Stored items
---

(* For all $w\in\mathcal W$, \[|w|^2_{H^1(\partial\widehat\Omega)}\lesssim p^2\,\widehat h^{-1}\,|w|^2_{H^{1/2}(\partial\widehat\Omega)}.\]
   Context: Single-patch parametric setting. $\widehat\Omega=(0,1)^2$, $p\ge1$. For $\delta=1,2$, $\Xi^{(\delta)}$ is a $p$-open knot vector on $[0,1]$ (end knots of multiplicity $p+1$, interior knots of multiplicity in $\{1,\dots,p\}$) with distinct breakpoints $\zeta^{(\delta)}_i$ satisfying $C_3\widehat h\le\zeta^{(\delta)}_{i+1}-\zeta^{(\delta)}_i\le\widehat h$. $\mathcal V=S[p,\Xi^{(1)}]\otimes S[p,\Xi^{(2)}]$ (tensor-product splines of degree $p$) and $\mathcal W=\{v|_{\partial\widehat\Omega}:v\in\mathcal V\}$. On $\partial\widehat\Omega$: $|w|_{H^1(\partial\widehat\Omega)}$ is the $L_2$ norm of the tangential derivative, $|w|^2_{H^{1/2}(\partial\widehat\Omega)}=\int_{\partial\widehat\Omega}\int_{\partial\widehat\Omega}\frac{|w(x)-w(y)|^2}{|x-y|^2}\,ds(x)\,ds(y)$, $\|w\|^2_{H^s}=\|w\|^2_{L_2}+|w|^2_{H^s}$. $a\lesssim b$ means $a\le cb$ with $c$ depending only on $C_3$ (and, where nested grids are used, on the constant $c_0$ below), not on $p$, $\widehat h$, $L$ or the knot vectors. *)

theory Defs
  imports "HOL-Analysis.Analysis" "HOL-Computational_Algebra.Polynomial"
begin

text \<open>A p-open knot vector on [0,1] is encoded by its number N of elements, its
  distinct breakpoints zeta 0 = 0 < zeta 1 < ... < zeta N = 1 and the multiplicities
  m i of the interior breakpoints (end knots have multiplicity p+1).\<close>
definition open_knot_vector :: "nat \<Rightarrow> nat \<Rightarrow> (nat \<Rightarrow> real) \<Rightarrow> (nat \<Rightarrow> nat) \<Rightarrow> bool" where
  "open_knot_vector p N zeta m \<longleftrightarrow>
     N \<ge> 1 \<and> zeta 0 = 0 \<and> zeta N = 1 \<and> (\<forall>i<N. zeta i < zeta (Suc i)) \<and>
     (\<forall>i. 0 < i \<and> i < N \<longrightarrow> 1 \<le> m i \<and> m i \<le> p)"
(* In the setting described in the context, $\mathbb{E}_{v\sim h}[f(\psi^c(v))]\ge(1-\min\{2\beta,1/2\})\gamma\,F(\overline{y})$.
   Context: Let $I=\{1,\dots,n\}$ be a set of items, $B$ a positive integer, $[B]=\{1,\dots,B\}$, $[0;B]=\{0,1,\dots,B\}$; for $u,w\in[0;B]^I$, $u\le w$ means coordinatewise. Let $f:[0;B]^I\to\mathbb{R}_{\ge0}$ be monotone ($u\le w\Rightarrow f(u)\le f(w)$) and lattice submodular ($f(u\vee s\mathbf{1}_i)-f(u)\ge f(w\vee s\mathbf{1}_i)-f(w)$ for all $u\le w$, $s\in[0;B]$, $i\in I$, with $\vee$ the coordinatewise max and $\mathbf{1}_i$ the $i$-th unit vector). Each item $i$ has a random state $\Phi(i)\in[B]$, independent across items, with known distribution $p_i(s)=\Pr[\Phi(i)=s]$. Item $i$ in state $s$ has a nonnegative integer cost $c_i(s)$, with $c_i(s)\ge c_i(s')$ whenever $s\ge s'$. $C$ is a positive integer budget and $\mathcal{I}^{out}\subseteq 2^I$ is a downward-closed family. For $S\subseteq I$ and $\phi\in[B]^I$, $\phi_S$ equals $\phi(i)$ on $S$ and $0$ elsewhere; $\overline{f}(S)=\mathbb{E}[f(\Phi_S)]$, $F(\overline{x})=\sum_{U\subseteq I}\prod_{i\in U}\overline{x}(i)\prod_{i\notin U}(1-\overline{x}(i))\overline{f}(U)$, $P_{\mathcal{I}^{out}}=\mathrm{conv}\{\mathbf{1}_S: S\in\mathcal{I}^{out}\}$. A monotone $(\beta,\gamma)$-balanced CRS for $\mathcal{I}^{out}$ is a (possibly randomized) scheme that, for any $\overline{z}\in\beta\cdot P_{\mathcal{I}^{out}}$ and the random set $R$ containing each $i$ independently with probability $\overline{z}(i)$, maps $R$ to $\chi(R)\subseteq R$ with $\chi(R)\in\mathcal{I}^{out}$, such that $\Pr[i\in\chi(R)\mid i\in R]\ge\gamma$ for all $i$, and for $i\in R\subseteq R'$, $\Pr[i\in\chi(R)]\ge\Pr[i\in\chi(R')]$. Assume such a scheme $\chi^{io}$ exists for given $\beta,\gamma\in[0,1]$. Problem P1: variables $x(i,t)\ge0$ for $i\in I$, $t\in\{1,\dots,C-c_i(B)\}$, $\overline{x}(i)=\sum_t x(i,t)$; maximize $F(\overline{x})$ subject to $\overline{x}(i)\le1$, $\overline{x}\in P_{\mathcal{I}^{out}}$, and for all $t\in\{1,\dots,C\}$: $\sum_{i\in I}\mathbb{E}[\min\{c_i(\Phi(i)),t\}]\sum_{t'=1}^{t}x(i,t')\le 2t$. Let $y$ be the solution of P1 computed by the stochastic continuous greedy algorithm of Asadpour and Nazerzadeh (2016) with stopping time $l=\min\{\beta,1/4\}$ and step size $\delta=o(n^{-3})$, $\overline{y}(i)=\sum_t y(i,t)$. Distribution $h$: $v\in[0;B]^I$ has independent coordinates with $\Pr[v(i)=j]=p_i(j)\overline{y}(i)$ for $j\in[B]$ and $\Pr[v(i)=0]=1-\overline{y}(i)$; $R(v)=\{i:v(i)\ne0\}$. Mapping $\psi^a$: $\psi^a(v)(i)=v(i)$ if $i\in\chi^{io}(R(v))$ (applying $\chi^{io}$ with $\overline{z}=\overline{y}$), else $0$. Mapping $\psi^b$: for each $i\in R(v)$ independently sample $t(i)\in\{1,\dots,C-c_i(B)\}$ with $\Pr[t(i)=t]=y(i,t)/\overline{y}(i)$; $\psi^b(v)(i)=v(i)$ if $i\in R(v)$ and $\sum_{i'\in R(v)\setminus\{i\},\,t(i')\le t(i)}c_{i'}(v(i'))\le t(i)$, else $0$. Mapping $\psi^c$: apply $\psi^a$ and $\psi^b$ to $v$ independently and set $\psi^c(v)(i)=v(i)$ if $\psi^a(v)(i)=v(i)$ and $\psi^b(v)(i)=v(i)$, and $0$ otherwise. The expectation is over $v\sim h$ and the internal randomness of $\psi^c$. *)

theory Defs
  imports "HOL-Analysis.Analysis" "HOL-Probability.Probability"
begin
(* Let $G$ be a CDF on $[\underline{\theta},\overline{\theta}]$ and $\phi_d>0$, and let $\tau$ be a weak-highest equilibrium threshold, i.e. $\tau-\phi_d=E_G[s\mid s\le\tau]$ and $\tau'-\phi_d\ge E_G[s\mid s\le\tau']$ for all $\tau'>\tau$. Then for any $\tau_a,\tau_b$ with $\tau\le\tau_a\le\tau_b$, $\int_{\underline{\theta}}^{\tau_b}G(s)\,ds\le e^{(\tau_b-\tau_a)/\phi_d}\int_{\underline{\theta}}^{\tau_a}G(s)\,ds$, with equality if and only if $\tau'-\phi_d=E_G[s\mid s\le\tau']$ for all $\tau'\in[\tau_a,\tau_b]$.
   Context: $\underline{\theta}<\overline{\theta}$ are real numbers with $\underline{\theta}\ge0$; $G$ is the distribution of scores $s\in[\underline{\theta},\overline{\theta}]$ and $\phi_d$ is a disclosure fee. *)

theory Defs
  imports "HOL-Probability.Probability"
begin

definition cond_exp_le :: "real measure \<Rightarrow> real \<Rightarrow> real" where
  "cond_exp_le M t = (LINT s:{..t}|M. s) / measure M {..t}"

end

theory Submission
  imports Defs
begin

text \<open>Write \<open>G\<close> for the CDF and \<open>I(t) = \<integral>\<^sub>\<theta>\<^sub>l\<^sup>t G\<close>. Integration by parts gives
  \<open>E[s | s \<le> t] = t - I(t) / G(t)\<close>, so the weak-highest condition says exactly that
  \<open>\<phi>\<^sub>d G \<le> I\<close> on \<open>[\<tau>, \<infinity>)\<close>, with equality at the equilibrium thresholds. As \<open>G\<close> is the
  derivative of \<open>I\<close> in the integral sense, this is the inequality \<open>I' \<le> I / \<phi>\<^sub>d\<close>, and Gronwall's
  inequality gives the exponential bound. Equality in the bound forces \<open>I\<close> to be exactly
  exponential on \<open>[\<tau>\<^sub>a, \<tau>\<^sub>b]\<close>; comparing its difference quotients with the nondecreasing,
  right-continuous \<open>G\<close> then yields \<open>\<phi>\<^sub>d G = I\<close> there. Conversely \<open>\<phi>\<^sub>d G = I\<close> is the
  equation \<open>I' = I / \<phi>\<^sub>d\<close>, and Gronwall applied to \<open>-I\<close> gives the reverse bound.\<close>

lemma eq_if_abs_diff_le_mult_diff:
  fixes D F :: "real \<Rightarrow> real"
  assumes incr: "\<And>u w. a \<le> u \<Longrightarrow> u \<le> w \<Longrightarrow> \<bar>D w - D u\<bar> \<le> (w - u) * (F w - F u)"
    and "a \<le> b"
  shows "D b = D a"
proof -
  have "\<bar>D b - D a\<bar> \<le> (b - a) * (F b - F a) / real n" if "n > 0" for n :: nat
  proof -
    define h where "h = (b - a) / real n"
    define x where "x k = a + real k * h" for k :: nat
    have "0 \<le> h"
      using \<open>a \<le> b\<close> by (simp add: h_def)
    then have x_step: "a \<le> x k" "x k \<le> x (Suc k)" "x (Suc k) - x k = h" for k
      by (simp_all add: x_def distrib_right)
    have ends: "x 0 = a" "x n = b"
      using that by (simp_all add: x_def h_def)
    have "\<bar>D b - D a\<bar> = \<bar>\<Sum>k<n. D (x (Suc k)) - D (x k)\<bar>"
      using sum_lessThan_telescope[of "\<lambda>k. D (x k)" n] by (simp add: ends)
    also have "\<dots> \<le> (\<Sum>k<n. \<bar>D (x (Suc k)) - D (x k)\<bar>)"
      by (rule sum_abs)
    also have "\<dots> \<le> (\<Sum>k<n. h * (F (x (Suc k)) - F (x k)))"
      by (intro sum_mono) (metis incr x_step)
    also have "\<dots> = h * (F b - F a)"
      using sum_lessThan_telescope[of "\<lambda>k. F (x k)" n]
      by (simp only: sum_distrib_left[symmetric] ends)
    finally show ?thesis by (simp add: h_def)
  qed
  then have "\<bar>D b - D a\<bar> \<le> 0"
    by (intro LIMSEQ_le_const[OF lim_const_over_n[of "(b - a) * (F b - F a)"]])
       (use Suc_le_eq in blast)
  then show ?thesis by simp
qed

---

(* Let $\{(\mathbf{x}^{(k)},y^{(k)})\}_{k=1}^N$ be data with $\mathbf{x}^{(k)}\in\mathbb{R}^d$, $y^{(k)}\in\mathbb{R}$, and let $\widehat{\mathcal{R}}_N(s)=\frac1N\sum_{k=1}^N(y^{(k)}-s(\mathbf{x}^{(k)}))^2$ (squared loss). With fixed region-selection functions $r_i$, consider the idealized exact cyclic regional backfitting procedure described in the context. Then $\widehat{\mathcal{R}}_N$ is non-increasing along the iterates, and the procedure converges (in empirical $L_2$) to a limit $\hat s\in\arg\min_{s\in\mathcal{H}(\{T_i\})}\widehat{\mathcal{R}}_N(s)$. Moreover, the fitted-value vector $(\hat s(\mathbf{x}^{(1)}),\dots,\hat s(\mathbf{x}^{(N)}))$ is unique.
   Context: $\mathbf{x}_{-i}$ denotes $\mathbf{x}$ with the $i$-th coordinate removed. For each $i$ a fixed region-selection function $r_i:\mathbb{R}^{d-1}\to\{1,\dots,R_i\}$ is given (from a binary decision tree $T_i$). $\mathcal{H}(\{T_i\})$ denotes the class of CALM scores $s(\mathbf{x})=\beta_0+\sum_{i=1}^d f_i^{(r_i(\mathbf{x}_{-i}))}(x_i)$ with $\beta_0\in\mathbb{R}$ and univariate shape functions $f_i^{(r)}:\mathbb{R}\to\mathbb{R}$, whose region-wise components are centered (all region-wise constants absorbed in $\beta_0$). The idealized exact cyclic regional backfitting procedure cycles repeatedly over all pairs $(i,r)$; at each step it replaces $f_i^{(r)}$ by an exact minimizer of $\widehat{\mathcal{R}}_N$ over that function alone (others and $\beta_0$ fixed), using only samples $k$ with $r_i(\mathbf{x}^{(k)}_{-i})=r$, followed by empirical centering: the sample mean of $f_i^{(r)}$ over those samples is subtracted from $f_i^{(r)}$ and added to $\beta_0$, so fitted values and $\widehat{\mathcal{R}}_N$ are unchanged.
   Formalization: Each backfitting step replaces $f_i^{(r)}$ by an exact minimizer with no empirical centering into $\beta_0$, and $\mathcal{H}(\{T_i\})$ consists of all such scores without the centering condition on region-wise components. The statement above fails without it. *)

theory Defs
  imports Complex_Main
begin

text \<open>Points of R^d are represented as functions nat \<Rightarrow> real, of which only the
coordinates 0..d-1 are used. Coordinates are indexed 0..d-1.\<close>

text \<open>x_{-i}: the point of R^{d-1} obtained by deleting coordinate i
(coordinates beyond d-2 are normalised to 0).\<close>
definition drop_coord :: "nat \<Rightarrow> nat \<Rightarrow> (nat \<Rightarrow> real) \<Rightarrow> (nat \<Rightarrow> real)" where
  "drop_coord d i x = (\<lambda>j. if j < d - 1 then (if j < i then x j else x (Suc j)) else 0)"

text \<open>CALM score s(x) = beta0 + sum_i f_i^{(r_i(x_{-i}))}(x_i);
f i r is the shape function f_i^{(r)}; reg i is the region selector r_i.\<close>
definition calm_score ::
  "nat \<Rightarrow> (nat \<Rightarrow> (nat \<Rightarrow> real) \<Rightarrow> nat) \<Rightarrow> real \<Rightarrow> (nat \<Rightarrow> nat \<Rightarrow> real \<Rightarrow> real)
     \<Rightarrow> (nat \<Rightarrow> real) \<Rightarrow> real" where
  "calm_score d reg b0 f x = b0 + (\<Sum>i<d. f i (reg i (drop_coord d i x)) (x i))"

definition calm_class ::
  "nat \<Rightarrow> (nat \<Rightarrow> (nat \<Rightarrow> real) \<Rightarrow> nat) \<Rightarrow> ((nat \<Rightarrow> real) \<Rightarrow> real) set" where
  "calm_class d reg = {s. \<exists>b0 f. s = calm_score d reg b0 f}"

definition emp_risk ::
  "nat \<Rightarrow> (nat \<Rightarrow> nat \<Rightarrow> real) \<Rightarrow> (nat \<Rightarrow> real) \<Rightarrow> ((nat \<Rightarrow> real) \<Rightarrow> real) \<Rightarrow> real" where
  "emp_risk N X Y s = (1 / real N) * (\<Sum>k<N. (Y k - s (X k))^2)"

---

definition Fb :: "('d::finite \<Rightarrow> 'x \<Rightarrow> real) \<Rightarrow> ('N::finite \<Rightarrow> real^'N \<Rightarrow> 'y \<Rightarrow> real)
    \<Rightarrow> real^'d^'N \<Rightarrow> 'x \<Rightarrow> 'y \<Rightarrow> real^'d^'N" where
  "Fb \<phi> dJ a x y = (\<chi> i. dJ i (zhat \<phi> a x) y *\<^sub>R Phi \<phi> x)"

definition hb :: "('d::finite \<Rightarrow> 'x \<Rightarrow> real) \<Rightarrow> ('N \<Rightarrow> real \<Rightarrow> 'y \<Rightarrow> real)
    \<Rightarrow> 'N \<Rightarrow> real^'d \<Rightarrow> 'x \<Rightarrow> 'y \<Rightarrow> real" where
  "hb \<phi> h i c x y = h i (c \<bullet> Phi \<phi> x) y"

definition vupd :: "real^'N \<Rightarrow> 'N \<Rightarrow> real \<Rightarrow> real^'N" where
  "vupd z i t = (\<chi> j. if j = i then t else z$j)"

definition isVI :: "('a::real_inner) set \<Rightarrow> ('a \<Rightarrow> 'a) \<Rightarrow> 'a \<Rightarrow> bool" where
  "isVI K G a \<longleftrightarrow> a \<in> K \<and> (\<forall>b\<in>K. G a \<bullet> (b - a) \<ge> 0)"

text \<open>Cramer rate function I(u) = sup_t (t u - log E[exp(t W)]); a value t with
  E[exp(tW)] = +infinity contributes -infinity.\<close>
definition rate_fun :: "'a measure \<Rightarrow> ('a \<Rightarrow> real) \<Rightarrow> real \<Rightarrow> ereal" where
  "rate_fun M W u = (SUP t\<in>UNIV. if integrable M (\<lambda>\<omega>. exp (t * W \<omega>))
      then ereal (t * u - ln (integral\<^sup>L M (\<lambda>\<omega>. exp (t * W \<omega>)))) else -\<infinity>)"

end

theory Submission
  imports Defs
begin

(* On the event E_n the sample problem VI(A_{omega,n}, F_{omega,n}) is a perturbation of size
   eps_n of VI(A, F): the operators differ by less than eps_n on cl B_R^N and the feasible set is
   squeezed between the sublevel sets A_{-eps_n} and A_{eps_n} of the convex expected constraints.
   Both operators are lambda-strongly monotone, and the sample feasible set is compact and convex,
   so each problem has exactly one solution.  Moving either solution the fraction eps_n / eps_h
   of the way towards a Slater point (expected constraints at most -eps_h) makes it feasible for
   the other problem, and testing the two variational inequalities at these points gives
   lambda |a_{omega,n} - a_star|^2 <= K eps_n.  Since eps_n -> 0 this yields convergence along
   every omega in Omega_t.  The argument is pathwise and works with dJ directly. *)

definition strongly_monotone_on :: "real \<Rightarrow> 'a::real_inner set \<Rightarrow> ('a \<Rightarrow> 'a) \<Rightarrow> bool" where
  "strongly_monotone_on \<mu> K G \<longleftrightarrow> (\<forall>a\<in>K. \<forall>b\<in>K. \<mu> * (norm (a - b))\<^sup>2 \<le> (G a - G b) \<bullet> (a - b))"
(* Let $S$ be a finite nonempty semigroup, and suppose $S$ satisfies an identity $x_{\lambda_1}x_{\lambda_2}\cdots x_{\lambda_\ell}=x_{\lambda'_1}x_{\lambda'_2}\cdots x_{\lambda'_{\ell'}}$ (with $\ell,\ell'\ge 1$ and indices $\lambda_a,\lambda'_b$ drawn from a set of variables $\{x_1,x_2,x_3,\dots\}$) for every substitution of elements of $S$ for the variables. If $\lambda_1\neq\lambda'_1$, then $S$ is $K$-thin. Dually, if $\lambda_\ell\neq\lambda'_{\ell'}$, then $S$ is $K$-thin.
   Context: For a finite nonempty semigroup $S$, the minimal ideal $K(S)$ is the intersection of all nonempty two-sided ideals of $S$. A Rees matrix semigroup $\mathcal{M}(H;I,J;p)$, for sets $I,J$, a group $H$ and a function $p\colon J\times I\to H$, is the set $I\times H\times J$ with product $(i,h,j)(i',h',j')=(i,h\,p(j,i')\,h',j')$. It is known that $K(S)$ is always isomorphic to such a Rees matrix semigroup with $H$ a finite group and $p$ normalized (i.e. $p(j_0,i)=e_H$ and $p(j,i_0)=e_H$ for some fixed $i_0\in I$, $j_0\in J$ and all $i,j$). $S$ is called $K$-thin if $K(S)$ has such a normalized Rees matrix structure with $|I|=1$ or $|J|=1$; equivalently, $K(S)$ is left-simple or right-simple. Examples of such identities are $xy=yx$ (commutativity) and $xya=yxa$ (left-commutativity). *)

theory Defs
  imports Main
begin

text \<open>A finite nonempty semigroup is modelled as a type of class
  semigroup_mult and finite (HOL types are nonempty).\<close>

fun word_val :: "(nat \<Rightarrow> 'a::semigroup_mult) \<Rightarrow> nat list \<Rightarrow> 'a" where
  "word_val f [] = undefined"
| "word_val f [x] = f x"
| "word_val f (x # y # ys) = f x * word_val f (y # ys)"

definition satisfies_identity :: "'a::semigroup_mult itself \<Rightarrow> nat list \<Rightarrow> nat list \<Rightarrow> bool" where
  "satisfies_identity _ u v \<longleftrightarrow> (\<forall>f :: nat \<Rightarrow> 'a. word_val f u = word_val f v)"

---

Task requirements – Keeping every character as it is, restate the lines above that run from the line with "integrable M (\<lambda>\<omega>. exp (t * W \<omega>))" through the line with "Both operators are", both included, and nothing else.

Exercise response –
  "rate_fun M W u = (SUP t\<in>UNIV. if integrable M (\<lambda>\<omega>. exp (t * W \<omega>))
      then ereal (t * u - ln (integral\<^sup>L M (\<lambda>\<omega>. exp (t * W \<omega>)))) else -\<infinity>)"

end

theory Submission
  imports Defs
begin

(* On the event E_n the sample problem VI(A_{omega,n}, F_{omega,n}) is a perturbation of size
   eps_n of VI(A, F): the operators differ by less than eps_n on cl B_R^N and the feasible set is
   squeezed between the sublevel sets A_{-eps_n} and A_{eps_n} of the convex expected constraints.
   Both operators are lambda-strongly monotone, and the sample feasible set is compact and convex,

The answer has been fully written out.